> **What the task asks**
Below are entries; work out how many of their lines include the string "length", and reply with the number only.

--

text \<open>Products: by \<open>bandL_comp_error\<close>, the two error terms are controlled by
  the uniform bound of T and the uniform bound of the first approximant.\<close>
lemma band_approximable_comp:
  assumes S: "band_approximable Y S" and T: "band_approximable Y T"
  shows "band_approximable Y (\<lambda>n u. S n (T n u))"
proof (rule band_approximableI)
  note S1 = band_approximableD(1)[OF S] and T1 = band_approximableD(1)[OF T]
  show "S n (T n u) \<in> l2_on (Y n)" if "u \<in> l2_on (Y n)" for n u using S1 T1 that by blast
  show "S n (T n (\<lambda>t. c * u t)) = (\<lambda>t. c * S n (T n u) t)" if "u \<in> l2_on (Y n)" for n u c
    using band_approximableD(2)[OF S T1[OF that]] band_approximableD(2)[OF T that] by simp
next
  note S1 = band_approximableD(1)[OF S] and T1 = band_approximableD(1)[OF T]
  fix e :: real assume e: "e > 0"
  obtain KT where KT: "0 \<le> KT" "\<And>n u. u \<in> l2_on (Y n) \<Longrightarrow> l2norm (T n u) \<le> KT * l2norm u"
    by (rule band_approximable_bound[OF T]) blast
  define e1 where "e1 = e / (2 * (KT + 1))"
  have e1: "e1 > 0" "e1 * KT \<le> e / 2" using e KT(1) by (auto simp: e1_def field_simps)
  obtain xs1 rs1 M1 where x1: "\<And>n. map snd (xs1 n) = rs1" "\<And>n. bcoef (xs1 n) M1"
    "\<And>n u. u \<in> l2_on (Y n) \<Longrightarrow> l2norm (\<lambda>t. S n u t - bandL (Y n) (xs1 n) u t) \<le> e1 * l2norm u"
    by (rule band_approximableE[OF S e1(1)]) blast
  define K1 where "K1 = real (length rs1) * max M1 0"
  have K1: "0 \<le> K1" unfolding K1_def by simp
  define e2 where "e2 = e / (2 * (K1 + 1))"
  have e2: "e2 > 0" "K1 * e2 \<le> e / 2" using e K1 by (auto simp: e2_def field_simps)
  obtain xs2 rs2 M2 where x2: "\<And>n. map snd (xs2 n) = rs2" "\<And>n. bcoef (xs2 n) M2"
    "\<And>n u. u \<in> l2_on (Y n) \<Longrightarrow> l2norm (\<lambda>t. T n u t - bandL (Y n) (xs2 n) u t) \<le> e2 * l2norm u"
    by (rule band_approximableE[OF T e2(1)]) blast
  define zs where "zs n = bprod (restr (Y n) (xs1 n)) (xs2 n)" for n
  have "band_approx Y (\<lambda>n u. S n (T n u)) e zs"
  proof (rule band_approxI)
    show "map snd (zs n) = sprodS rs1 rs2" for n unfolding zs_def snd_bprod snd_restr x1(1) x2(1) ..
    show "bcoef (zs n) (max M1 0 * max M2 0)" for n unfolding zs_def
      by (rule bcoef_bprod[OF bcoef_restr[OF x1(2)] bcoef_max[OF x2(2)]]) auto
    fix n u assume u: "u \<in> l2_on (Y n)"
    have Tu: "T n u \<in> l2_on (Y n)" using T1[OF u] .
    have "l2norm (\<lambda>t. S n (T n u) t - bandL (Y n) (zs n) u t)
        \<le> l2norm (\<lambda>t. S n (T n u) t - bandL (Y n) (xs1 n) (T n u) t)
          + K1 * l2norm (\<lambda>t. T n u t - bandL (Y n) (xs2 n) u t)"
      unfolding zs_def K1_def
      by (rule bandL_comp_error[where T = "T n" and S = "S n", OF Tu S1[OF Tu] u x1(2,1) x2(2)])
    also have "\<dots> \<le> e1 * (KT * l2norm u) + K1 * (e2 * l2norm u)"
      using x1(3)[OF Tu] x2(3)[OF u] KT(2)[OF u] e1(1) K1
      by (intro add_mono mult_left_mono) (auto intro: order_trans mult_left_mono)
    also have "\<dots> \<le> e * l2norm u"
      using mult_right_mono[OF e1(2) l2norm_ge0[of u]] mult_right_mono[OF e2(2) l2norm_ge0[of u]]
      by (simp add: algebra_simps)
    finally show "l2norm (\<lambda>t. S n (T n u) t - bandL (Y n) (zs n) u t) \<le> e * l2norm u" .
  qed
  then show "\<exists>xs. band_approx Y (\<lambda>n u. S n (T n u)) e xs" by blast
qed
lemma CET_family_unmerged:
  fixes r a c b :: nat
  assumes "3 \<le> r + a + c + b" "1 \<le> r + a" "b \<le> 1" "even (r + c)"
  shows "\<exists>T D. CET (2 * r + 2 * a + c + b) (2 * r + c) T D \<and> transitive T D"
proof -
  define L where "L = replicate r Reflect @ replicate a Rotate @ replicate c Reverse @ replicate b Shift"
  define h where "h = length L"
  have h: "h = r + a + c + b" "3 \<le> h" using assms(1) by (simp_all add: L_def h_def)
  have L_nth: "L ! x = (if x < r then Reflect else if x < r + a then Rotate
      else if x < r + a + c then Reverse else Shift)" if "x < h" for x
    using that unfolding L_def h by (auto simp: nth_append)
  define target where "target x = Suc x mod h" for x
  have orbit: "(target ^^ i) 0 = i mod h" for i
    by (induction i) (simp_all add: target_def mod_Suc_eq)
  have "bij_betw (\<lambda>i. (target ^^ i) 0) {..<h} {..<h}"
    unfolding orbit by (simp add: bij_betw_def inj_on_def)
  moreover have "(target ^^ h) 0 = 0" by (simp add: orbit)
  moreover have "jump_at h (L ! ((y + h - 1) mod h)) (L ! y) (target ((y + h - 1) mod h)) (target y)"
    if y: "y < h" for y
  proof -
    define p where "p = (y + h - 1) mod h"
    have p: "p < h" "p \<noteq> y" "target p = y"
      using mod_pred_eq[OF y] y h(2) by (auto simp: p_def target_def)
    have "x = r + a + c" if "x < h" "L ! x = Shift" for x
      using that L_nth[OF that(1)] h(1) assms(3) by (auto split: if_splits)
    then have "\<not> (L ! p = Shift \<and> L ! y = Shift)" using p y by metis
    moreover have "(y + 2) mod h \<noteq> (y + 0) mod h"
      using mod_add_left_inj[of 2 h 0 y] h(2) by auto
    then have "y \<noteq> (target y + 1) mod h" using y by (simp add: target_def mod_Suc_eq)
    ultimately show ?thesis unfolding jump_at_def p_def[symmetric] using p by auto
  qed
  moreover have "0 < h" using h(2) by simp
  then have "L ! 0 = Rotate \<or> L ! 0 = Reflect" using L_nth[of 0] assms(2) by auto
  moreover have "even (length (filter is_flip L))" using assms(4) by (simp add: L_def)
  ultimately have "\<exists>T D. CET (sum_list (map pieces L)) (sum_list (map pieces (filter is_flip L))) T D
      \<and> transitive T D"
    using CET_of_slot_list[of L target 0 False, folded h_def] h(2) by simp
  then show ?thesis by (simp add: L_def sum_list_replicate algebra_simps)
qed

--

> **Response below**
3